Ertuğrul Kürkçü'nün Mektubu...

Selimiye Askerî Tutukevi'nde kalan, eski DEV-GENÇ Genel Başka­nı Ertuğrul Kürkçü'den bir mektup aldım. Kürkçü'nün mektubu, 5 Mayıs 1974 günü yayınlanan "Ankara Notları" ile ilgili. Ertuğrul Kürkçü'nün tu­tukevinde iyi koşullar altında olmadığını da duymuştum. Uzun mektu­bunda, özetle şöyle diyor.

Arkadaş,

Gazetede çıkan yazınızı dikkatle okudum. Öyle sanıyorum ki, bu ko­nuda benim de söylenecek sözümün olması gerekiyor. Zira konu beni doğrudan doğruya ilgilendiriyor. Ancak bu ilginin benimle bağıntılı olma­sı konunun bir yanı, onun özelliğidir. Öte yanıysa daha, çok yakın sayı­labilecek bir zamana kadar binlerce insana karşı sorumlu olarak, DEV- GENÇ Genel Başkanlığı görevini yürütmüş olmam ve bu nedenle söz- konusu iddiaların benim birey olarak taşıdığım önem ya da önemsizliği­nin ilerisinde, sorumluluğunu taşıdığım bir "hareketi" onun üyelerini, ta­raftarlarını, bu hareket içinde yer almış, mücadele etmiş, belirli bir süre için verdiğim görevleri yerine getirmiş, bu görevleri yerine getirirken hâ­kim sınıfların baskısına, zulmüne uğramış, elini, kolunu, hayatını kay­betmiş, bir yığın acı, kan, ter ve gözyaşına bulanmış genç arkadaşları il­gilendiriyor olmasıdır, onun genelliğidir.

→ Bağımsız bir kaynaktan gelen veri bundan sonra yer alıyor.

text \<open>Since \<open>log k_n = n^(2+\<epsilon>) \<ge> n^2\<close>, the atom at k_n contributes at least C/(2n) to
  \<open>E[X^2 sqrt(log^+ |X|)]\<close>, and the harmonic series diverges.\<close>
lemma log_moment_term_ge:
  "Cconst / 2 * inverse (real (Suc n)) \<le> (atom n)\<^sup>2 * sqrt (logp \<bar>atom n\<bar>) * atom_prob n"
proof -
  have "(real (Suc n))\<^sup>2 = real (Suc n) powr 2"
    by (simp add: powr_numeral)
  also have "\<dots> \<le> real (Suc n) powr (2 + eps)"
    using eps_pos by (intro powr_mono) auto
  also have "\<dots> = logp \<bar>atom n\<bar>"
    using kseq_ge_one[of eps "Suc n"] by (simp add: logp_def atom_def ln_kseq)
  finally have "real (Suc n) \<le> sqrt (logp \<bar>atom n\<bar>)"
    by (rule real_le_rsqrt)
  then have "(atom n)\<^sup>2 * atom_prob n * real (Suc n) \<le> (atom n)\<^sup>2 * atom_prob n * sqrt (logp \<bar>atom n\<bar>)"
    using atoms.p_nonneg[of n] by (intro mult_left_mono) auto
  moreover have "(atom n)\<^sup>2 * atom_prob n * real (Suc n) = Cconst / 2 * inverse (real (Suc n))"
  proof -
    have "(atom n)\<^sup>2 * atom_prob n * real (Suc n) = Cconst / 2 * (1 / (real n + 1)\<^sup>2) * (real n + 1)"
      by (simp add: atom_sq_prob)
    also have "\<dots> = Cconst / 2 * inverse (real (Suc n))"
      by (simp add: power2_eq_square divide_simps)
    finally show ?thesis .
  qed
  ultimately show ?thesis
    by (simp add: ac_simps)
qed

lemma log_moment_infinite:
  "(\<integral>\<^sup>+\<omega>. ennreal ((X \<omega>)\<^sup>2 * sqrt (logp \<bar>X \<omega>\<bar>)) \<partial>M) = \<infinity>"
proof -
  let ?g = "\<lambda>x. ennreal (x\<^sup>2 * sqrt (logp \<bar>x\<bar>))"
  have "\<not> summable (\<lambda>n. inverse (real (Suc n)) :: real)"
    using not_summable_harmonic[where 'a=real] summable_Suc_iff[of "\<lambda>n. inverse (real n)"] by simp
  then have "\<not> summable (\<lambda>n. Cconst / 2 * inverse (real (Suc n)))"
    using Cconst_pos by (simp add: summable_cmult_iff)
  then have "\<infinity> = (\<Sum>n. ennreal (Cconst / 2 * inverse (real (Suc n))))"
    using Cconst_pos summable_suminf_not_top[of "\<lambda>n. Cconst / 2 * inverse (real (Suc n))"] by fastforce
  also have "\<dots> \<le> (\<Sum>n. ?g (atom n) * ennreal (atom_prob n))"
  proof (intro suminf_le summableI)
    fix n
    have "?g (atom n) * ennreal (atom_prob n) = ennreal ((atom n)\<^sup>2 * sqrt (logp \<bar>atom n\<bar>) * atom_prob n)"
      using atoms.p_nonneg[of n] by (simp add: ennreal_mult'')
    then show "ennreal (Cconst / 2 * inverse (real (Suc n))) \<le> ?g (atom n) * ennreal (atom_prob n)"
      using log_moment_term_ge[of n] by (simp add: ennreal_leI)
  qed
  also have "\<dots> \<le> (\<integral>\<^sup>+\<omega>. ?g (X \<omega>) \<partial>M)"
    by (rule atoms.nn_integral_atoms_ge)
  finally show ?thesis
    by (simp add: top_unique)
qed

definition truncated_moment :: "real \<Rightarrow> real" where
  "truncated_moment t = expectation (\<lambda>\<omega>. (X \<omega>)\<^sup>2 * indicator {\<omega>. \<bar>X \<omega>\<bar> \<le> t} \<omega>)"

definition tail_moment :: "real \<Rightarrow> real" where
  "tail_moment t = expectation (\<lambda>\<omega>. if t < \<bar>X \<omega>\<bar> then (X \<omega>)\<^sup>2 else 0)"

lemma integrable_tail: "integrable M (\<lambda>\<omega>. if t < \<bar>X \<omega>\<bar> then (X \<omega>)\<^sup>2 else 0)"
  by (rule Bochner_Integration.integrable_bound[OF second_moment_one(1)]) auto
lemma nonterm_V_rev [simp]: "nonterm_V (rev ps) = nonterm_V ps"
proof -
  have "v \<in> nonterm_V (rev qs)" if v: "v \<in> nonterm_V qs" for v qs
  proof -
    obtain i where i: "0 < i" "i + 1 < length qs" "qs ! i = Inr v"
      using v unfolding nonterm_V_def by blast
    have "rev qs ! (length qs - 1 - i) = Inr v"
      using i by (simp add: rev_nth Suc_diff_Suc)
    moreover have "0 < length qs - 1 - i" "length qs - 1 - i + 1 < length (rev qs)"
      using i by auto
    ultimately show ?thesis
      unfolding nonterm_V_def by (intro CollectI exI[of _ "length qs - 1 - i"] conjI)
  qed
  from this[of _ ps] this[of _ "rev ps"] show ?thesis by auto
qed

lemma nonterm_U_rev [simp]: "nonterm_U (rev ps) = nonterm_U ps"
  using nonterm_V_rev[of "map flip_side ps"] by (simp add: rev_map)

lemma back_edge_rev [simp]: "back_edge (rev ps) e = back_edge ps e"
  by (simp add: back_edge_def)

lemma sorted_wrt_U_seq_nth:
  assumes "sorted_wrt R (U_seq ps)" "i < j" "j < length ps" "ps ! i = Inl a" "ps ! j = Inl b"
  shows "R a b"
proof -
  have "Inl a \<in> set (take j ps)"
    using assms(2-4) by (metis length_take min.absorb4 nth_mem nth_take)
  moreover have "Inl b \<in> set (drop j ps)"
    using assms(3,5) by (metis Cons_nth_drop_Suc list.set_intros(1))
  moreover have "sorted_wrt R (U_seq (take j ps) @ U_seq (drop j ps))"
    using assms(1) by (metis U_seq_append append_take_drop_id)
  ultimately show ?thesis
    by (simp add: sorted_wrt_append set_U_seq)
qed

lemma sorted_U_seq_index_less_iff:
  assumes "sorted_wrt (<) (U_seq ps)" "i < length ps" "j < length ps"
    and "ps ! i = Inl a" "ps ! j = Inl b"
  shows "i < j \<longleftrightarrow> a < b"
  using sorted_wrt_U_seq_nth[OF assms(1) _ assms(3-5)]
    sorted_wrt_U_seq_nth[OF assms(1) _ assms(2,5,4)] assms(4,5) by (cases i j rule: linorder_cases) auto

lemma sorted_V_seq_index_less_iff:
  assumes "sorted_wrt (<) (V_seq ps)" "i < length ps" "j < length ps"
    and "ps ! i = Inr a" "ps ! j = Inr b"
  shows "i < j \<longleftrightarrow> a < b"
  using sorted_U_seq_index_less_iff[of "map flip_side ps" i j a b] assms by simp

lemma is_path_nth_edge:
  assumes "is_path E ps" "i + 1 < length ps"
  shows "(\<exists>u v. ps ! i = Inl u \<and> ps ! (i + 1) = Inr v \<and> (u, v) \<in> E) \<or>
         (\<exists>u v. ps ! i = Inr v \<and> ps ! (i + 1) = Inl u \<and> (u, v) \<in> E)"
  using assms by (auto simp: is_path_def adj_def)

text \<open>The edges left behind by a back edge \<open>(u1, w)\<close> to an increasing forward path from its
  minimal U-vertex \<open>u1\<close>: the two path edges \<open>(u1, v1), (u2, v1)\<close> following \<open>u1\<close>, and a path
  edge \<open>(z, t)\<close> at a V-vertex \<open>t \<ge> w\<close>. A back edge of the other kind leaves this pattern in
  the converse relation.\<close>

definition back_pattern :: "('a::linorder \<times> 'b::linorder) set \<Rightarrow> bool" where
  "back_pattern E \<longleftrightarrow> (\<exists>u1 u2 z v1 w t.
     (u1, v1) \<in> E \<and> (u2, v1) \<in> E \<and> (u1, w) \<in> E \<and> (z, t) \<in> E \<and>
     u1 < u2 \<and> u2 \<le> z \<and> v1 < w \<and> w \<le> t)"

lemma back_pattern_of_increasing_path:
  assumes P: "is_path E ps"
    and SU: "sorted_wrt (<) (U_seq ps)" and SV: "sorted_wrt (<) (V_seq ps)"
    and ua: "ua \<in> set (U_seq ps)" "\<forall>u \<in> set (U_seq ps). ua \<le> u"
    and vd: "vd \<in> set (V_seq ps)"
    and w: "(ua, w) \<in> E" "w \<le> vd"
    and v': "v' \<in> nonterm_V ps" "v' < w"
  shows "back_pattern E"
proof -
  obtain i where i: "0 < i" "i + 1 < length ps" "ps ! i = Inr v'"
    using v'(1) unfolding nonterm_V_def by blast
  obtain a where a: "a < length ps" "ps ! a = Inl ua"
    using ua(1) by (auto simp: set_U_seq in_set_conv_nth)
  obtain p where p: "p < length ps" "ps ! p = Inr vd"
    using vd by (auto simp: set_V_seq in_set_conv_nth)
  obtain x where x: "ps ! (i - 1) = Inl x"
    using is_path_nth_edge[OF P, of "i - 1"] i by auto
  have "ua \<le> x"
    using ua(2) x i by (metis less_imp_diff_less mem_Collect_eq nth_mem set_U_seq add_lessD1)
  then have ai: "a < i"
    using sorted_U_seq_index_less_iff[OF SU _ a(1) x a(2)] i by linarith
  obtain v1 where v1: "ps ! (a + 1) = Inr v1" "(ua, v1) \<in> E"
    using is_path_nth_edge[OF P, of a] a(2) ai i by auto
  have "v1 \<le> v'"
    using sorted_V_seq_index_less_iff[OF SV _ _ i(3) v1(1)] ai i by linarith
  obtain u2 where u2: "ps ! (a + 2) = Inl u2" "(u2, v1) \<in> E"
    using is_path_nth_edge[OF P, of "a + 1"] v1(1) ai i by auto
  have "ua < u2"
    using sorted_U_seq_index_less_iff[OF SU a(1) _ a(2) u2(1)] ai i by simp
  have "a + 1 < p"
    using sorted_V_seq_index_less_iff[OF SV _ p(1) v1(1) p(2)] ai i \<open>v1 \<le> v'\<close> v'(2) w(2)
    by simp
  moreover have "p \<noteq> a + 2"
    using p(2) u2(1) by auto
  ultimately obtain z where z: "ps ! (p - 1) = Inl z" "(z, vd) \<in> E"
    using is_path_nth_edge[OF P, of "p - 1"] p by auto
  have "p - 1 < length ps" "a + 2 < length ps"
    using p(1) ai i by auto
  then have "u2 \<le> z"
    using sorted_U_seq_index_less_iff[OF SU _ _ z(1) u2(1)] \<open>a + 1 < p\<close> \<open>p \<noteq> a + 2\<close>
    by linarith
  show ?thesis
    unfolding back_pattern_def
    using v1(2) u2(2) w z(2) \<open>ua < u2\<close> \<open>u2 \<le> z\<close> \<open>v1 \<le> v'\<close> v'(2) by fastforce
qed

lemma is_path_sides_nonempty:
  assumes "is_path E ps"
  shows "set (U_seq ps) \<noteq> {}" "set (V_seq ps) \<noteq> {}"
proof -
  have "0 + 1 < length ps"
    using assms by (simp add: is_path_def)
  then show "set (U_seq ps) \<noteq> {}" "set (V_seq ps) \<noteq> {}"
    using is_path_nth_edge[OF assms, of 0] unfolding set_U_seq set_V_seq
    by (metis add_lessD1 empty_Collect_eq nth_mem)+
qed

lemma back_pattern_of_back_edge:
  assumes P: "is_path E ps"
    and SU: "sorted_wrt (<) (U_seq ps)" and SV: "sorted_wrt (<) (V_seq ps)"
    and "back_edge ps e" "e \<in> E"
  shows "back_pattern E \<or> back_pattern (E\<inverse>)"
  using \<open>back_edge ps e\<close> unfolding back_edge_def Let_def
proof (elim disjE exE bexE conjE)
  fix vj v'
  assume "e = (Min (set (U_seq ps)), vj)" "vj \<le> Max (set (V_seq ps))" "v' \<in> nonterm_V ps" "v' < vj"
  then have "back_pattern E"
    using back_pattern_of_increasing_path[OF P SU SV,
        of "Min (set (U_seq ps))" "Max (set (V_seq ps))" vj v']
      is_path_sides_nonempty[OF P] \<open>e \<in> E\<close> by simp
  then show ?thesis ..
next
  fix ui u'
  assume "e = (ui, Min (set (V_seq ps)))" "ui \<le> Max (set (U_seq ps))" "u' \<in> nonterm_U ps" "u' < ui"
  then have "back_pattern (E\<inverse>)"
    using back_pattern_of_increasing_path[OF is_path_map_flip_side[OF P],
        of "Min (set (V_seq ps))" "Max (set (U_seq ps))" ui u']
      SU SV is_path_sides_nonempty[OF P] \<open>e \<in> E\<close> by simp
  then show ?thesis ..
qed

lemma PRBG_if_no_back_pattern:
  assumes "ordered_bigraph U V E" "\<not> back_pattern E" "\<not> back_pattern (E\<inverse>)"
  shows "PRBG U V E"
  unfolding PRBG_def
proof (intro conjI allI impI notI)
  show "ordered_bigraph U V E" by fact
  fix ps
  assume "forward_path E ps" "\<exists>e \<in> E. back_edge ps e"
  then obtain e where P: "is_path E ps" and e: "e \<in> E" "back_edge ps e"
    and "sorted_wrt (<) (U_seq ps) \<and> sorted_wrt (<) (V_seq ps) \<or>
         sorted_wrt (<) (U_seq (rev ps)) \<and> sorted_wrt (<) (V_seq (rev ps))"
    by (auto simp: forward_path_def sorted_wrt_rev)
  then show False
    using back_pattern_of_back_edge[OF P _ _ e(2,1)]
      back_pattern_of_back_edge[OF is_path_rev[OF P] _ _ _ e(1)] e(2) assms(2,3) by auto
qed

section \<open>Upper bound\<close>

text \<open>Forbids the forward path \<open>u1 v1 u2 v2\<close> together with the back edge \<open>(u1, w)\<close>.\<close>

definition zigzag_free :: "('a::linorder \<times> 'b::linorder) set \<Rightarrow> bool" where
  "zigzag_free E \<longleftrightarrow> \<not> (\<exists>u1 u2 v1 w v2.
     (u1, v1) \<in> E \<and> (u2, v1) \<in> E \<and> (u2, v2) \<in> E \<and> (u1, w) \<in> E \<and>
     u1 < u2 \<and> v1 < w \<and> w \<le> v2)"

lemma zigzag_free_subset: "zigzag_free E \<Longrightarrow> F \<subseteq> E \<Longrightarrow> zigzag_free F"
  unfolding zigzag_free_def by blast
(* Let $\mathcal I=(\Omega,\mathbb P,\mathcal S,\mathcal T,Y)$ be an information structure that satisfies rectangle substitutes, and let $\epsilon=\mathbb E[(\mu_\sigma-\mu_\tau)^2]$. Then $\mathbb E[(\mu_{\sigma\tau}-\mu_\tau)^2]\le 6\epsilon^{1/3}$.
   Context: An information structure is a tuple $\mathcal I=(\Omega,\mathbb P,\mathcal S,\mathcal T,Y)$: a probability space $(\Omega,\mathbb P)$, random variables $\sigma:\Omega\to\mathcal S$ (Alice's signal), $\tau:\Omega\to\mathcal T$ (Bob's signal), and $Y:\Omega\to[0,1]$. Notation: $\mu_{\sigma\tau}=\mathbb E[Y\mid\sigma,\tau]$, $\mu_\sigma=\mathbb E[Y\mid\sigma]$, $\mu_\tau=\mathbb E[Y\mid\tau]$; for measurable $S\subseteq\mathcal S$, $T\subseteq\mathcal T$: $\mu_{\sigma T}=\mathbb E[Y\mid\sigma,\tau\in T]$, $\mu_{S\tau}=\mathbb E[Y\mid\sigma\in S,\tau]$, $\mu_{ST}=\mathbb E[Y\mid\sigma\in S,\tau\in T]$; $\mathbb E[\cdot\mid S,T]$ denotes conditioning on $\{\sigma\in S,\tau\in T\}$. $\mathcal I$ satisfies rectangle substitutes if for all measurable $S\subseteq\mathcal S$, $T\subseteq\mathcal T$ with $\mathbb P(\sigma\in S,\tau\in T)>0$: $\mathbb E[(Y-\mu_{S\tau})^2\mid S,T]-\mathbb E[(Y-\mu_{\sigma\tau})^2\mid S,T]\le \mathbb E[(Y-\mu_{ST})^2\mid S,T]-\mathbb E[(Y-\mu_{\sigma T})^2\mid S,T]$. *)

theory Defs
  imports "HOL-Probability.Probability"
begin

definition cexp_rv :: "'w measure \<Rightarrow> ('w \<Rightarrow> 'x) \<Rightarrow> 'x measure \<Rightarrow> ('w \<Rightarrow> real) \<Rightarrow> ('w \<Rightarrow> real)" where
  "cexp_rv M X N Y = real_cond_exp M (vimage_algebra (space M) X N) Y"

definition rect_event :: "'w measure \<Rightarrow> ('w \<Rightarrow> 's) \<Rightarrow> ('w \<Rightarrow> 't) \<Rightarrow> 's set \<Rightarrow> 't set \<Rightarrow> 'w set" where
  "rect_event M sig tau S T = {w \<in> space M. sig w \<in> S \<and> tau w \<in> T}"

text \<open>Conditioning on an event A is done via the conditional probability measure
  uniform_measure M A (i.e. P(. | A)).\<close>
definition rectangle_substitutes ::
  "'w measure \<Rightarrow> 's measure \<Rightarrow> 't measure \<Rightarrow> ('w \<Rightarrow> 's) \<Rightarrow> ('w \<Rightarrow> 't) \<Rightarrow> ('w \<Rightarrow> real) \<Rightarrow> bool" where
  "rectangle_substitutes M SS TT sig tau Y \<longleftrightarrow>
    (\<forall>S \<in> sets SS. \<forall>T \<in> sets TT. measure M (rect_event M sig tau S T) > 0 \<longrightarrow>
      (let A = rect_event M sig tau S T;
           MA = uniform_measure M A;
           \<mu>\<sigma>\<tau> = cexp_rv M (\<lambda>w. (sig w, tau w)) (SS \<Otimes>\<^sub>M TT) Y;
           \<mu>S\<tau> = cexp_rv (uniform_measure M (rect_event M sig tau S (space TT))) tau TT Y;
           \<mu>\<sigma>T = cexp_rv (uniform_measure M (rect_event M sig tau (space SS) T)) sig SS Y;
           \<mu>ST = (\<integral>w. Y w \<partial>MA)
       in (\<integral>w. (Y w - \<mu>S\<tau> w)\<^sup>2 \<partial>MA) - (\<integral>w. (Y w - \<mu>\<sigma>\<tau> w)\<^sup>2 \<partial>MA)
          \<le> (\<integral>w. (Y w - \<mu>ST)\<^sup>2 \<partial>MA) - (\<integral>w. (Y w - \<mu>\<sigma>T w)\<^sup>2 \<partial>MA)))"

end

theory Submission
  imports Defs
begin

text \<open>Write \<mu>\<sigma>, \<mu>\<tau>, \<mu>\<sigma>\<tau> for the conditional expectations of Y. Fix a width \<delta> and an offset u and cut
  \<Omega> into the \<sigma>-measurable cells on which \<mu>\<sigma> lies in [u + k\<delta>, u + (k + 1)\<delta>). On such a cell,
  rectangle substitutes for the strip {\<sigma> \<in> S} \<times> \<T> compares two gains of learning \<sigma>: on top of \<tau>,
  which by Pythagoras is the mean squared distance between \<mu>\<sigma>\<tau> and the cell's own \<tau>-predictor,
  and on top of nothing, which is the variance of \<mu>\<sigma> on the cell, at most \<delta>^2. Choosing the
  cell's predictor by the cell of \<mu>\<tau> instead of \<mu>\<sigma> gives a \<tau>-measurable predictor G, and \<mu>\<tau> is
  at least as close to \<mu>\<sigma>\<tau> as G. G differs from the cellwise predictor only where \<mu>\<sigma> and \<mu>\<tau>
  fall into different cells, so E[(\<mu>\<sigma>\<tau> - \<mu>\<tau>)^2] \<le> 2\<delta>^2 + 2 P(crossing). Averaged over the
  offset u, the crossing probability is at most E|\<mu>\<sigma> - \<mu>\<tau>|/\<delta> \<le> \<surd>\<epsilon>/\<delta>, and
  \<delta> = \<epsilon> powr (1/6) gives the bound 4 \<epsilon> powr (1/3).\<close>

lemma power2_diff_unit_le_1:
  fixes x y :: real
  assumes "0 \<le> x" "x \<le> 1" "0 \<le> y" "y \<le> 1"
  shows "(x - y)\<^sup>2 \<le> 1"
  using assms by (simp add: abs_square_le_1 abs_le_iff)

lemma abs_diff_mult_unit_le_1:
  fixes a b c :: real
  assumes "0 \<le> a" "a \<le> 1" "0 \<le> b" "b \<le> 1" "0 \<le> c" "c \<le> 1"
  shows "\<bar>(a - b) * c\<bar> \<le> 1"
proof -
  have "\<bar>(a - b) * c\<bar> = \<bar>a - b\<bar> * \<bar>c\<bar>"
    by (simp add: abs_mult)
  also have "\<dots> \<le> 1 * 1"
    using assms by (intro mult_mono) auto
  finally show ?thesis
    by simp
qed

lemma power2_diff_le_twice_sum:
  fixes a b c :: real
  shows "(a - c)\<^sup>2 \<le> 2 * (a - b)\<^sup>2 + 2 * (b - c)\<^sup>2"
proof -
  have "0 \<le> (a - 2 * b + c)\<^sup>2"
    by simp
  then show ?thesis
    by (simp add: power2_eq_square algebra_simps)
qed

lemma le_powr_third_of_tradeoff:
  fixes L e :: real
  assumes e: "0 \<le> e" and tradeoff: "\<And>\<delta>. \<delta> > 0 \<Longrightarrow> L \<le> 2 * \<delta>\<^sup>2 + 2 * sqrt e / \<delta>"
  shows "L \<le> 4 * e powr (1/3)"
proof (cases "e = 0")
  case True
  have "L \<le> 0 + t" if "t > 0" for t
    using tradeoff[of "sqrt (t / 2)"] that True by simp
  then show ?thesis
    using True by (auto intro: field_le_epsilon)
next
  case False
  then have "e > 0"
    using e by simp
  then have "(e powr (1/6))\<^sup>2 = e powr (1/3)" "sqrt e / e powr (1/6) = e powr (1/3)"
    by (simp_all add: power2_eq_square powr_add[symmetric] powr_half_sqrt[symmetric]
        powr_diff[symmetric])
  then show ?thesis
    using tradeoff[of "e powr (1/6)"] \<open>e > 0\<close> by simp
qed

definition bin :: "real \<Rightarrow> real \<Rightarrow> real \<Rightarrow> int" where
  "bin \<delta> u x = \<lfloor>(x - u) / \<delta>\<rfloor>"

lemma bin_unit_interval:
  assumes "\<delta> > 0" "0 \<le> x" "x \<le> 1"
  shows "bin \<delta> u x \<in> {bin \<delta> u 0 .. bin \<delta> u 1}"
proof -
  have "(0 - u) / \<delta> \<le> (x - u) / \<delta>" "(x - u) / \<delta> \<le> (1 - u) / \<delta>"
    using assms by (intro divide_right_mono; simp)+
  then show ?thesis
    unfolding bin_def by (auto intro: floor_mono)
qed

lemma bin_eqD:
  assumes "\<delta> > 0" "bin \<delta> u x = k"
  shows "u + k * \<delta> \<le> x \<and> x \<le> u + k * \<delta> + \<delta>"
proof -
  have "k \<le> (x - u) / \<delta>" "(x - u) / \<delta> < k + 1"
    using assms(2) by (auto simp: bin_def floor_eq_iff)
  then show ?thesis
    using assms(1) by (simp add: field_simps)
qed

lemma borel_measurable_bin [measurable]: "bin \<delta> u \<in> borel \<rightarrow>\<^sub>M count_space UNIV"
  unfolding bin_def by measurable

text \<open>The map r \<mapsto> m \<lfloor>b - r/m\<rfloor> + r is injective (it recovers r as its residue mod m) and sends
  every crossing shift r to an integer in the interval (m a, m b].\<close>
lemma card_shift_crossings_le:
  fixes a b :: real and m :: nat
  assumes m: "m > 0" and ab: "a \<le> b"
  shows "real (card {r \<in> {..<m}. \<lfloor>a - r / m\<rfloor> \<noteq> \<lfloor>b - r / m\<rfloor>}) \<le> m * (b - a) + 1"
proof -
  define R where "R = {r \<in> {..<m}. \<lfloor>a - r / m\<rfloor> \<noteq> \<lfloor>b - r / m\<rfloor>}"
  define j where "j r = int m * \<lfloor>b - r / m\<rfloor> + int r" for r :: nat
  have "inj_on j R"
  proof (rule inj_onI)
    fix r r' assume "r \<in> R" "r' \<in> R" "j r = j r'"
    moreover have "j r mod int m = int r" if "r < m" for r
      using that unfolding j_def by simp
    ultimately show "r = r'"
      by (metis (no_types, lifting) R_def lessThan_iff mem_Collect_eq of_nat_eq_iff)
  qed
  moreover have "j ` R \<subseteq> {\<lfloor>m * a\<rfloor> + 1 .. \<lfloor>m * b\<rfloor>}"
  proof
    fix y assume "y \<in> j ` R"
    then obtain r where r: "r \<in> R" and y: "y = j r" by auto
    define n where "n = \<lfloor>b - r / m\<rfloor>"
    have "\<lfloor>a - r / m\<rfloor> \<le> n"
      unfolding n_def using ab by (intro floor_mono) simp
    with r have "\<lfloor>a - r / m\<rfloor> < n"
      by (simp add: R_def n_def)
    then have "a - r / m < n"
      by (simp add: floor_less_iff)
    then have "m * a < real_of_int (int m * n + int r)"
      using m by (simp add: field_simps)
    then have "\<lfloor>m * a\<rfloor> < int m * n + int r"
      by (simp only: floor_less_iff)
    then have lo: "\<lfloor>m * a\<rfloor> + 1 \<le> int m * n + int r"
      by simp
    have "n \<le> b - r / m"
      unfolding n_def by simp
    then have "real_of_int (int m * n + int r) \<le> m * b"
      using m by (simp add: field_simps)
    then have hi: "int m * n + int r \<le> \<lfloor>m * b\<rfloor>"
      by (simp only: le_floor_iff)
    show "y \<in> {\<lfloor>m * a\<rfloor> + 1 .. \<lfloor>m * b\<rfloor>}"
      using lo hi by (simp add: y j_def n_def)
  qed
  ultimately have "card R \<le> card {\<lfloor>m * a\<rfloor> + 1 .. \<lfloor>m * b\<rfloor>}"
    by (intro card_inj_on_le) auto
  then have "real (card R) \<le> real (nat (\<lfloor>m * b\<rfloor> - \<lfloor>m * a\<rfloor>))"
    by simp
  also have "\<dots> \<le> m * (b - a) + 1"
  proof -
    have "\<lfloor>m * a\<rfloor> \<le> \<lfloor>m * b\<rfloor>"
      using ab by (intro floor_mono mult_left_mono) auto
    then have "real (nat (\<lfloor>m * b\<rfloor> - \<lfloor>m * a\<rfloor>)) = \<lfloor>m * b\<rfloor> - \<lfloor>m * a\<rfloor>"
      by simp
    moreover have "\<lfloor>m * b\<rfloor> \<le> m * b" "m * a < \<lfloor>m * a\<rfloor> + 1"
      by simp_all
    ultimately show ?thesis
      unfolding right_diff_distrib by linarith
  qed
  finally show ?thesis
    by (simp add: R_def)
qed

Bugüne kadar bu konuda susmanın konuşmaktan daha yararlı ola­cağına, en aşağılık ve en alçakça yöntemlerle, en sorumsuz biçimlerde yürütülen spekülasyonların maddi temellerinin yok olacağına ve bir gün mutlaka benim de bütün bunlara karşılık verebilecek güç ve imkânlarım olabileceğine, derinliğine ve genişliğine tartışılması, araştırılması, ince­lenmesi gereken ve tarihi süreç ve bunun içindeki olağanüstü önem ta­şıyan durumlar varken, bu sürecin yüzlerce veçhesi içinde bir bakıma teferruat sayılabilecek olan bu hâdiseyi öne çıkartmanın ne bir yararı, ne de bir önemi olmayacağına inandığım için kimseye en ufak bir ser­zenişte bile bulunmaksızın bekledim.

Ancak beklemek, bütün bu aşağılık, yalan, iftira, demagoji sağnağına katlanmak, susabilmek pek kolay olmadı. Pek kolay olmadı, iki yüzyetmiş gün baskı, eziyet ve kötülükten başka hiçbir şey görmeksizin kaldığım hücreden çıkıp da karşılaştığım ilk insan olan kızkardeşinin "bu söylenenler doğru mu?" diye sormasına katlanmak. Ve pek kolay olma­dı bu iğrenç iddiaları sırtımda taşırken sıkıyönetim yargıç ve savcılarının karşısında dik durabilmek...

Ne var ki, sıkıyönetim savcı ve yargıçları bir kişi hakkında hüküm vermezden önce... Sorgusunu yapıyor, eylemlerine bakıyor, delilleri in­celiyor, tanıkları dinliyor ve sonra kalemlerini kırıyorlar.

Ya bu hükümleri verenler? Onlar neyi incelediler? Onların delilleri nedir? Onların tanıkları kimdir? Hiçbir şey, hiç kimse. Bu iddialarını is­pat edemeyecekler hiçbir zaman. Ve hiçbir zaman onanmıyacak hü­kümleri tarih tarafından. Zira tarih beni beraat ettirecek...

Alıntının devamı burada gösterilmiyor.